Smokey on the window sill, with sun and pansies

Smokey enjoying the sun from indoors, with pansies. It’s not an easy sill for a cat to balance on — Smokey would balance, and fall asleep.

The affair at the vet’s office Thursday was her last great show of will.  One thinks cats know they are dying.  Smokey would meet death on her terms, thank you very much.  By Friday she was clearly unable to walk or stand well.  Saturday Kathryn sat with her on the dining room floor.  When she wasn’t sleeping, Smokey would meow.  A stroke or two from Kathryn and she’d go back to sleep.  She had refused water until Friday night, but then started taking a little sips from a syringe.

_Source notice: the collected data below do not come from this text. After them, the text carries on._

lemma clinear_on_sum:
  assumes sub: "complex_vector.subspace U" and lin: "clinear_on U f"
    and "finite I" "\<And>i. i \<in> I \<Longrightarrow> v i \<in> U"
  shows "f (\<Sum>i\<in>I. c i *\<^sub>C v i) = (\<Sum>i\<in>I. c i *\<^sub>C f (v i))"
  using assms(3,4)
proof (induction I rule: finite_induct)
  case empty
  have "f (0 *\<^sub>C 0) = 0 *\<^sub>C f 0"
    using lin complex_vector.subspace_0[OF sub] unfolding clinear_on_def by blast
  then show ?case by simp
next
  case (insert a I)
  have "(\<Sum>i\<in>I. c i *\<^sub>C v i) \<in> U" "c a *\<^sub>C v a \<in> U"
    using insert by (auto intro!: complex_vector.subspace_sum[OF sub]
        complex_vector.subspace_scale[OF sub])
  then show ?case using insert lin by (simp add: clinear_on_def)
qed

lemma fin_dim_iff_span: "fin_dim scaleC R \<longleftrightarrow> (\<exists>F. finite F \<and> R \<subseteq> complex_vector.span F)"
  unfolding fin_dim_def
  by (rule ex_cong1) (auto simp: complex_vector.span_finite subset_iff image_iff)

lemma fin_dim_subset: "fin_dim scaleC R \<Longrightarrow> R' \<subseteq> R \<Longrightarrow> fin_dim scaleC R'"
  by (auto simp: fin_dim_def)

lemma fin_dim_diffs:
  assumes "fin_dim scaleC V" "fin_dim scaleC W"
  shows "fin_dim scaleC {v - w | v w. v \<in> V \<and> w \<in> W}"
proof -
  obtain F G where "finite F" "V \<subseteq> complex_vector.span F" "finite G" "W \<subseteq> complex_vector.span G"
    using assms unfolding fin_dim_iff_span by blast
  moreover have "complex_vector.span F \<union> complex_vector.span G \<subseteq> complex_vector.span (F \<union> G)"
    by (simp add: complex_vector.span_mono)
  ultimately have "{v - w | v w. v \<in> V \<and> w \<in> W} \<subseteq> complex_vector.span (F \<union> G)"
    by (blast intro: complex_vector.span_diff)
  then show ?thesis using \<open>finite F\<close> \<open>finite G\<close> unfolding fin_dim_iff_span by blast
qed

text \<open>If \<open>\<Phi>\<close> vanishes on the kernel of \<open>\<Psi>\<close>, then \<open>\<Phi>\<close> factors through \<open>\<Psi>\<close>: lifting a
finite basis of the range of \<open>\<Psi>\<close> back to \<open>U\<close>, its \<open>\<Phi>\<close>-image spans the range of \<open>\<Phi>\<close>.\<close>
lemma fin_dim_image_if_kernel_le:
  fixes \<Psi> :: "'a::complex_inner \<Rightarrow> 'b::complex_inner" and \<Phi> :: "'a \<Rightarrow> 'c::complex_inner"
  assumes U: "complex_vector.subspace U" and lin\<Psi>: "clinear_on U \<Psi>" and lin\<Phi>: "clinear_on U \<Phi>"
    and kernel: "\<And>u. u \<in> U \<Longrightarrow> \<Psi> u = 0 \<Longrightarrow> \<Phi> u = 0"
    and fin: "fin_dim scaleC (\<Psi> ` U)"
  shows "fin_dim scaleC (\<Phi> ` U)"
proof -
  obtain F where F: "finite F" "\<Psi> ` U \<subseteq> complex_vector.span F"
    using fin unfolding fin_dim_iff_span by blast
  obtain B where B: "B \<subseteq> \<Psi> ` U" "complex_vector.independent B" "\<Psi> ` U \<subseteq> complex_vector.span B"
    by (meson complex_vector.basis_exists)
  have "finite B"
    using complex_vector.independent_span_bound[OF F(1) B(2)] B(1) F(2) by auto
  obtain g where g: "\<And>w. w \<in> B \<Longrightarrow> g w \<in> U \<and> \<Psi> (g w) = w"
    using B(1) by (metis f_inv_into_f inv_into_into subsetD)
  have "\<Phi> ` U \<subseteq> complex_vector.span (\<Phi> ` g ` B)"
  proof
    fix z assume "z \<in> \<Phi> ` U"
    then obtain u where u: "z = \<Phi> u" "u \<in> U" by blast
    have "\<Psi> u \<in> complex_vector.span B" using B(3) u(2) by blast
    then obtain c where c: "\<Psi> u = (\<Sum>w\<in>B. c w *\<^sub>C w)"
      unfolding complex_vector.span_finite[OF \<open>finite B\<close>] by blast
    define v where "v = (\<Sum>w\<in>B. c w *\<^sub>C g w)"
    have v: "v \<in> U" unfolding v_def
      by (intro complex_vector.subspace_sum[OF U] complex_vector.subspace_scale[OF U]) (simp add: g)
    have "\<Psi> v = \<Psi> u"
      unfolding v_def c using g by (simp add: clinear_on_sum[OF U lin\<Psi> \<open>finite B\<close>])
    then have "\<Phi> (u - v) = 0"
      using kernel[OF complex_vector.subspace_diff[OF U u(2) v]] clinear_on_diff[OF U lin\<Psi> u(2) v]
      by simp
    then have "z = (\<Sum>w\<in>B. c w *\<^sub>C \<Phi> (g w))"
      using clinear_on_diff[OF U lin\<Phi> u(2) v] u(1) g
      by (simp add: v_def clinear_on_sum[OF U lin\<Phi> \<open>finite B\<close>])
    then show "z \<in> complex_vector.span (\<Phi> ` g ` B)"
      by (simp add: complex_vector.span_base complex_vector.span_scale complex_vector.span_sum)
  qed
  moreover have "finite (\<Phi> ` g ` B)" using \<open>finite B\<close> by simp
  ultimately show ?thesis unfolding fin_dim_iff_span by blast
qed

lemma fin_dim_if_injective_image:
  assumes "complex_vector.subspace W" "clinear_on W \<Phi>"
    and "\<And>w. w \<in> W \<Longrightarrow> \<Phi> w = 0 \<Longrightarrow> w = 0" and "fin_dim scaleC (\<Phi> ` W)"
  shows "fin_dim scaleC W"
  using fin_dim_image_if_kernel_le[of W \<Phi> "\<lambda>w. w"] assms by (simp add: clinear_on_def)

section \<open>Differences of orthogonal projections\<close>

lemma oproj_diff_oproj_in:
  fixes K T :: "'a::chilbert_space set"
  assumes K: "complex_vector.subspace K" "closed K" and T: "complex_vector.subspace T" "closed T"
    and "K \<subseteq> T"
  shows "oproj cinner T p - oproj cinner K p \<in> T \<inter> orth K"
proof
  show "oproj cinner T p - oproj cinner K p \<in> T"
    using oproj_in[OF T] oproj_in[OF K] \<open>K \<subseteq> T\<close> complex_vector.subspace_diff[OF T(1)] by blast
  have "p - oproj cinner T p \<in> orth K"
    using diff_oproj_in_orth[OF T] orth_antimono[OF \<open>K \<subseteq> T\<close>] by blast
  then have "(p - oproj cinner K p) - (p - oproj cinner T p) \<in> orth K"
    using diff_oproj_in_orth[OF K] complex_vector.subspace_diff[OF subspace_orth] by blast
  then show "oproj cinner T p - oproj cinner K p \<in> orth K" by simp
qed

lemma fin_dim_Int_orth_if_kernel_le:
  assumes M: "complex_vector.subspace M" and lin: "clinear_on M \<Phi>"
    and fin: "fin_dim scaleC (\<Phi> ` M)" and kernel: "\<And>m. m \<in> M \<Longrightarrow> \<Phi> m = 0 \<Longrightarrow> m \<in> K"
  shows "fin_dim scaleC (M \<inter> orth K)"
proof (rule fin_dim_if_injective_image)
  show "complex_vector.subspace (M \<inter> orth K)" using subspace_Int_orth[OF M] .
  show "clinear_on (M \<inter> orth K) \<Phi>" using clinear_on_subset[OF lin] by blast
  show "w = 0" if "w \<in> M \<inter> orth K" "\<Phi> w = 0" for w
    using that kernel orth_Int_self by blast
  show "fin_dim scaleC (\<Phi> ` (M \<inter> orth K))"
    by (rule fin_dim_subset[OF fin]) auto
qed

lemma fin_dim_oproj_diff_if_fin_dim_image:
  fixes S T :: "'a::chilbert_space set" and \<Phi> :: "'a \<Rightarrow> 'b::complex_inner"
  assumes S: "complex_vector.subspace S" "closed S" and T: "complex_vector.subspace T" "closed T"
    and lin: "clinear_on S \<Phi>" "clinear_on T \<Phi>"
    and fin: "fin_dim scaleC (\<Phi> ` S)" "fin_dim scaleC (\<Phi> ` T)"
    and T_to_S: "\<And>t. t \<in> T \<Longrightarrow> \<Phi> t = 0 \<Longrightarrow> t \<in> S"
    and S_to_T: "\<And>s. s \<in> S \<Longrightarrow> \<Phi> s = 0 \<Longrightarrow> s \<in> T"
  shows "fin_dim scaleC (range (\<lambda>p. oproj cinner T p - oproj cinner S p))"
proof -
  define K where "K = S \<inter> T"
  have K: "complex_vector.subspace K" "closed K"
    using S T by (simp_all add: K_def complex_vector.subspace_inter closed_Int)
  have "fin_dim scaleC (T \<inter> orth K)"
    using fin_dim_Int_orth_if_kernel_le[OF T(1) lin(2) fin(2)] T_to_S by (simp add: K_def)
  moreover have "fin_dim scaleC (S \<inter> orth K)"
    using fin_dim_Int_orth_if_kernel_le[OF S(1) lin(1) fin(1)] S_to_T by (simp add: K_def)
  moreover have "oproj cinner T p - oproj cinner S p \<in>
      {v - w | v w. v \<in> T \<inter> orth K \<and> w \<in> S \<inter> orth K}" for p
  proof -
    have "K \<subseteq> T" "K \<subseteq> S" by (auto simp: K_def)
    then have "oproj cinner T p - oproj cinner K p \<in> T \<inter> orth K"
      "oproj cinner S p - oproj cinner K p \<in> S \<inter> orth K"
      using oproj_diff_oproj_in[OF K T] oproj_diff_oproj_in[OF K S] by blast+
    moreover have "oproj cinner T p - oproj cinner S p
        = (oproj cinner T p - oproj cinner K p) - (oproj cinner S p - oproj cinner K p)"
      by simp
    ultimately show ?thesis by blast
  qed
  ultimately show ?thesis by (blast intro: fin_dim_subset[OF fin_dim_diffs])
qed

lemma fin_dim_image_if_fin_dim_oproj_diff:
  fixes S T :: "'a::chilbert_space set" and \<Phi> :: "'a \<Rightarrow> 'b::complex_inner"
  assumes S: "complex_vector.subspace S" "closed S" and T: "complex_vector.subspace T"
    and fin: "fin_dim scaleC (range (\<lambda>p. oproj cinner T p - oproj cinner S p))"
    and lin: "clinear_on T \<Phi>" and vanish: "\<And>t. t \<in> T \<Longrightarrow> t \<in> S \<Longrightarrow> \<Phi> t = 0"
  shows "fin_dim scaleC (\<Phi> ` T)"
proof (rule fin_dim_image_if_kernel_le[OF T _ lin])
  show "clinear_on T (\<lambda>t. t - oproj cinner S t)"
    by (simp add: clinear_on_def oproj_add[OF S] oproj_scaleC[OF S]
        complex_vector.scale_right_diff_distrib)
  have "t - oproj cinner S t \<in> range (\<lambda>p. oproj cinner T p - oproj cinner S p)" if "t \<in> T" for t
    using oproj_id[OF T that] by (metis (no_types, lifting) rangeI)
  then show "fin_dim scaleC ((\<lambda>t. t - oproj cinner S t) ` T)"
    by (intro fin_dim_subset[OF fin] image_subsetI)
  show "\<Phi> t = 0" if "t \<in> T" "t - oproj cinner S t = 0" for t
    using that vanish oproj_in[OF S, of t] by simp
qed

lemma fin_dim_oproj_diff_iff_fin_dim_image:
  fixes S T :: "'a::chilbert_space set" and \<Phi> :: "'a \<Rightarrow> 'b::complex_inner"
  assumes S: "complex_vector.subspace S" "closed S" and T: "complex_vector.subspace T" "closed T"
    and lin: "clinear_on S \<Phi>" "clinear_on T \<Phi>" and "\<Phi> ` S \<subseteq> \<Phi> ` T"
    and T_to_S: "\<And>t. t \<in> T \<Longrightarrow> \<Phi> t = 0 \<Longrightarrow> t \<in> S"
    and S_to_T: "\<And>s. s \<in> S \<Longrightarrow> s \<in> T \<longleftrightarrow> \<Phi> s = 0"
  shows "fin_dim scaleC (range (\<lambda>p. oproj cinner T p - oproj cinner S p)) \<longleftrightarrow>
    fin_dim scaleC (\<Phi> ` T)"
proof
  assume "fin_dim scaleC (range (\<lambda>p. oproj cinner T p - oproj cinner S p))"
  then show "fin_dim scaleC (\<Phi> ` T)"
    by (rule fin_dim_image_if_fin_dim_oproj_diff[OF S T(1) _ lin(2)]) (use S_to_T in blast)
next
  assume "fin_dim scaleC (\<Phi> ` T)"
  moreover have "fin_dim scaleC (\<Phi> ` S)"
    using fin_dim_subset[OF \<open>fin_dim scaleC (\<Phi> ` T)\<close> \<open>\<Phi> ` S \<subseteq> \<Phi> ` T\<close>] .
  ultimately show "fin_dim scaleC (range (\<lambda>p. oproj cinner T p - oproj cinner S p))"
    using fin_dim_oproj_diff_if_fin_dim_image[OF S T lin] T_to_S S_to_T by blast
qed

section \<open>Linear relations\<close>

lemma lin_subspace_iff_subspace: "lin_subspace T \<longleftrightarrow> complex_vector.subspace T"
  by (simp add: lin_subspace_def complex_vector.subspace_def scaleC2_eq_scaleC zero_prod_def)

lemma finite_rank_perturbation_iff:
  "finite_rank_perturbation T S \<longleftrightarrow>
     fin_dim scaleC (range (\<lambda>p. oproj cinner T p - oproj cinner S p))"
  by (simp add: finite_rank_perturbation_def scaleC2_eq_scaleC ip2_eq_cinner)

lemma
  assumes "complex_vector.subspace T" "(a, b) \<in> T" "(c, d) \<in> T"
  shows subspace_Pair_add: "(a + c, b + d) \<in> T"
    and subspace_Pair_diff: "(a - c, b - d) \<in> T"
  using complex_vector.subspace_add[OF assms] complex_vector.subspace_diff[OF assms] by simp_all

lemma subspace_Pair_scale: "complex_vector.subspace T \<Longrightarrow> (a, b) \<in> T \<Longrightarrow> (c *\<^sub>C a, c *\<^sub>C b) \<in> T"
  using complex_vector.subspace_scale[of T "(a, b)" c] by simp

lemma clinear_on_comp_fst:
  assumes "clinear_on D f" "Domain R \<subseteq> D"
  shows "clinear_on R (\<lambda>t. f (fst t))"
proof -
  have "fst t \<in> D" if "t \<in> R" for t using that assms(2) by (metis DomainI prod.collapse subsetD)
  then show ?thesis using assms(1) by (simp add: clinear_on_def)
qed

lemma subspace_Image_zero:
  assumes T: "complex_vector.subspace T"
  shows "complex_vector.subspace (T `` {0})"
  unfolding complex_vector.subspace_def
  using complex_vector.subspace_0[OF T] subspace_Pair_add[OF T, of 0 _ 0] subspace_Pair_scale[OF T, of 0]
  by (auto simp: zero_prod_def)

lemma closed_Image_zero:
  assumes "closed (T::('a::real_normed_vector \<times> 'a) set)"
  shows "closed (T `` {0})"
proof -
  have "closed ((\<lambda>b. (0, b)) -` T)"
    by (rule continuous_closed_vimage[OF assms]) (intro continuous_intros)
  moreover have "T `` {0} = (\<lambda>b. (0, b)) -` T" by auto
  ultimately show ?thesis by simp
qed

lemma closed_adj: "closed (adj (T::('a::complex_inner \<times> 'a) set))"
proof -
  have "adj T = (\<Inter>p\<in>T. {q. cinner (snd q) (fst p) = cinner (fst q) (snd p)})"
    unfolding adj_def by (auto; metis fst_conv snd_conv)
  moreover have "closed {q::'a\<times>'a. cinner (snd q) (fst p) = cinner (fst q) (snd p)}" for p
    by (intro closed_Collect_eq continuous_intros)
  ultimately show ?thesis by auto
qed

lemma adj_Image_zero: "adj T `` {0} = orth (Domain T)"
  by (auto simp: adj_def orth_def)

lemma hermitian_Image_zero: "hermitian A \<Longrightarrow> A `` {0} \<subseteq> orth (Domain A)"
  unfolding hermitian_def adj_Image_zero[symmetric] by blast

lemma self_adjoint_Image_zero: "self_adjoint S \<Longrightarrow> S `` {0} = orth (Domain S)"
  by (metis adj_Image_zero self_adjoint_def)

section \<open>The operator part\<close>

lemma op_part_eq: "op_part A = A \<inter> orth (infty_part A)"
  by (auto simp: op_part_def orth_def ip2_eq_cinner)

lemma op_part_iff: "(x, f) \<in> op_part A \<longleftrightarrow> (x, f) \<in> A \<and> f \<in> orth (A `` {0})"
  by (auto simp: op_part_def infty_part_def orth_def ip2_eq_cinner)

Kathryn ran errands about 4:00 p.m., and I checked that Smokey was sleeping.  About 5:00 she woke up, wanted water, and looked around for Kathryn.  Kathryn returned a few minutes later, and Smokey relaxed, and breathed a last time.

A companion for more than two decades insinuates herself in ways one doesn’t even recognize.  Saturday night I turned off the kitchen lights to head to bed, and instinctively looked into the parlor to say goodnight to Smokey.  Sunday morning I got up to make coffee, and looked to see if Smokey wanted out.  I would have sworn she batted my nose this morning to wake me up, but no cat even close.

Sometime in the next few months I’ll take out a pair of pants or a coat, and notice it’s covered with Smokey’s gray fur.  At some point she used it for a pad, perhaps.  I’ll have to decide whether to clean the thing, or keep it as a reminder of our longtime friend.